lemma measurable_gauss_coordinate:
  "i < d \<Longrightarrow> (\<lambda>u. u i) \<in> measurable (gauss d) std_normal_distribution"
  unfolding gauss_def by (intro measurable_component_singleton) auto

lemma borel_measurable_gauss_coordinate [measurable]:
  "i < d \<Longrightarrow> (\<lambda>u. u i) \<in> borel_measurable (gauss d)"
  using measurable_gauss_coordinate measurable_cong_sets[OF refl, of _ borel] by simp

lemma distr_gauss_coordinate:
  assumes "i < d"
  shows "distr (gauss d) std_normal_distribution (\<lambda>u. u i) = std_normal_distribution"
proof -
  interpret product_prob_space "\<lambda>_::nat. std_normal_distribution" "{..<d}"
    by (intro product_prob_spaceI prob_space_std_normal)
  show ?thesis unfolding gauss_def using assms by (intro PiM_component) auto
qed

lemma integrable_gauss_coordinate:
  fixes g :: "real \<Rightarrow> real"
  assumes "i < d" "integrable std_normal_distribution g"
  shows "integrable (gauss d) (\<lambda>u. g (u i))"
  using assms measurable_gauss_coordinate[OF assms(1)]
  by (subst integrable_distr_eq[symmetric]) (auto simp: distr_gauss_coordinate)

lemma integral_gauss_coordinate:
  fixes g :: "real \<Rightarrow> real"
  assumes "i < d" "g \<in> borel_measurable borel"
  shows "(\<integral>u. g (u i) \<partial>gauss d) = integral\<^sup>L std_normal_distribution g"
proof -
  have "(\<integral>u. g (u i) \<partial>gauss d) =
      integral\<^sup>L (distr (gauss d) std_normal_distribution (\<lambda>u. u i)) g"
    using measurable_gauss_coordinate[OF assms(1)] assms(2) by (subst integral_distr) auto
  then show ?thesis using distr_gauss_coordinate[OF assms(1)] by simp
qed

lemma gauss_coordinate_product:
  fixes f :: "nat \<Rightarrow> real \<Rightarrow> real"
  assumes "\<And>i. i < d \<Longrightarrow> integrable std_normal_distribution (f i)"
  shows "integrable (gauss d) (\<lambda>u. \<Prod>i<d. f i (u i))"
    and "(\<integral>u. (\<Prod>i<d. f i (u i)) \<partial>gauss d) = (\<Prod>i<d. integral\<^sup>L std_normal_distribution (f i))"
proof -
  interpret product_prob_space "\<lambda>_::nat. std_normal_distribution" "{..<d}"
    by (intro product_prob_spaceI prob_space_std_normal)
  show "integrable (gauss d) (\<lambda>u. \<Prod>i<d. f i (u i))"
    unfolding gauss_def by (rule product_integrable_prod) (auto intro: assms)
  show "(\<integral>u. (\<Prod>i<d. f i (u i)) \<partial>gauss d) = (\<Prod>i<d. integral\<^sup>L std_normal_distribution (f i))"
    unfolding gauss_def by (rule product_integral_prod) (auto intro: assms)
qed

lemma gauss_coordinate_covariance:
  assumes "i < d" "j < d"
  shows "integrable (gauss d) (\<lambda>u. u i * u j)"
    and "(\<integral>u. u i * u j \<partial>gauss d) = (if i = j then 1 else 0)"
proof -
  have "integrable (gauss d) (\<lambda>u. u i * u j) \<and> (\<integral>u. u i * u j \<partial>gauss d) = 1" if "i = j"
  proof -
    have "integrable std_normal_distribution (\<lambda>x. x\<^sup>2)"
      by (rule integrable_std_normal_distribution_moment)
    moreover have "integral\<^sup>L std_normal_distribution (\<lambda>x. x\<^sup>2) = 1"
      using std_normal_distribution_even_moments(1)[of 1] by simp
    ultimately show ?thesis
      using that assms integrable_gauss_coordinate[of i d "\<lambda>x. x\<^sup>2"]
        integral_gauss_coordinate[of i d "\<lambda>x. x\<^sup>2"]
      by (simp add: power2_eq_square)
  qed
  moreover have "integrable (gauss d) (\<lambda>u. u i * u j) \<and> (\<integral>u. u i * u j \<partial>gauss d) = 0"
    if "i \<noteq> j"
  proof -
    define f where "f = (\<lambda>k (x::real). if k = i \<or> k = j then x else 1)"
    have prod_f: "(\<Prod>k<d. f k (u k)) = u i * u j" for u
    proof -
      have "(\<Prod>k<d. f k (u k)) = (\<Prod>k\<in>{i,j}. f k (u k)) * (\<Prod>k\<in>{..<d}-{i,j}. f k (u k))"
        using assms by (subst prod.subset_diff[of "{i,j}"]) auto
      also have "(\<Prod>k\<in>{..<d}-{i,j}. f k (u k)) = 1" by (intro prod.neutral) (auto simp: f_def)
      finally show ?thesis using that by (simp add: f_def)
    qed
    interpret std_normal: prob_space std_normal_distribution by (rule prob_space_std_normal)
    have int: "integrable std_normal_distribution (f k)" for k
      using integrable_std_normal_distribution_moment[of 1] by (cases "k = i \<or> k = j") (auto simp: f_def)
    have "integral\<^sup>L std_normal_distribution (\<lambda>x. x) = 0"
      using integral_std_normal_distribution_moment_odd[of 1] by simp
    then have "(\<Prod>k<d. integral\<^sup>L std_normal_distribution (f k)) = 0"
      using assms by (intro prod_zero bexI[of _ i]) (auto simp: f_def)
    then show ?thesis
      using gauss_coordinate_product[of d f] int by (simp add: prod_f)
  qed
  ultimately show "integrable (gauss d) (\<lambda>u. u i * u j)"
    and "(\<integral>u. u i * u j \<partial>gauss d) = (if i = j then 1 else 0)"
    by auto
qed

lemma borel_measurable_vec_of:
  fixes F :: "fvec \<Rightarrow> real"
  assumes "continuous_on (Rd d) F"
  shows "(\<lambda>u. F (vec_of d u)) \<in> borel_measurable (gauss d)"
proof -
  define E where "E = (\<lambda>(u::nat\<Rightarrow>real) (i::nat). if i < d then u i else 0)"
  have E: "E \<in> measurable (gauss d) (Pi\<^sub>M UNIV (\<lambda>_. borel :: real measure))"
    unfolding E_def
  proof (rule measurable_PiM_single')
    fix i :: nat
    show "(\<lambda>u. if i < d then u i else 0) \<in> borel_measurable (gauss d)"
      by (cases "i < d") auto
  qed auto
  define G where "G = (\<lambda>z. F (vec_of d z))"
  have "continuous_on UNIV G"
    unfolding G_def by (rule continuous_on_compose2[OF assms continuous_on_vec_of]) auto
  then have "G \<in> borel_measurable (Pi\<^sub>M UNIV (\<lambda>_::nat. borel :: real measure))"
    using borel_measurable_continuous_onI measurable_cong_sets[OF sets_PiM_equal_borel refl]
    by blast
  then have "(\<lambda>u. G (E u)) \<in> borel_measurable (gauss d)"
    using E by (rule measurable_compose[rotated])
  moreover have "G (E u) = F (vec_of d u)" for u
    unfolding G_def E_def by (rule arg_cong[of _ _ F], rule vec_of_cong) simp
  ultimately show ?thesis by simp
qed

lemma borel_measurable_norm_vec_of: "(\<lambda>u. norm (vec_of d u)) \<in> borel_measurable (gauss d)"
  by (rule borel_measurable_vec_of) (rule continuous_on_norm_id)

lemma gauss_power2_norm:
  shows "integrable (gauss d) (\<lambda>u. (norm (vec_of d u))\<^sup>2)"
    and "(\<integral>u. (norm (vec_of d u))\<^sup>2 \<partial>gauss d) = real d"
proof -
  have int: "integrable (gauss d) (\<lambda>u. (u i)\<^sup>2)" if "i < d" for i
    using gauss_coordinate_covariance(1)[OF that that] by (simp add: power2_eq_square)
  show "integrable (gauss d) (\<lambda>u. (norm (vec_of d u))\<^sup>2)"
    unfolding power2_norm_vec_of by (rule Bochner_Integration.integrable_sum) (auto intro: int)
  have "(\<integral>u. (norm (vec_of d u))\<^sup>2 \<partial>gauss d) = (\<Sum>i<d. \<integral>u. (u i)\<^sup>2 \<partial>gauss d)"
    unfolding power2_norm_vec_of by (rule Bochner_Integration.integral_sum) (auto intro: int)
  also have "\<dots> = real d" by (simp add: gauss_coordinate_covariance(2) power2_eq_square)
  finally show "(\<integral>u. (norm (vec_of d u))\<^sup>2 \<partial>gauss d) = real d" .
qed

### About this task
Pick out and copy the lines of the material that include the word "lemma".

### Exercise answer
lemma measurable_gauss_coordinate:
lemma borel_measurable_gauss_coordinate [measurable]:
lemma distr_gauss_coordinate:
lemma integrable_gauss_coordinate:
lemma integral_gauss_coordinate:
lemma gauss_coordinate_product:
lemma gauss_coordinate_covariance:
lemma borel_measurable_vec_of:
lemma borel_measurable_norm_vec_of: "(\<lambda>u. norm (vec_of d u)) \<in> borel_measurable (gauss d)"
lemma gauss_power2_norm:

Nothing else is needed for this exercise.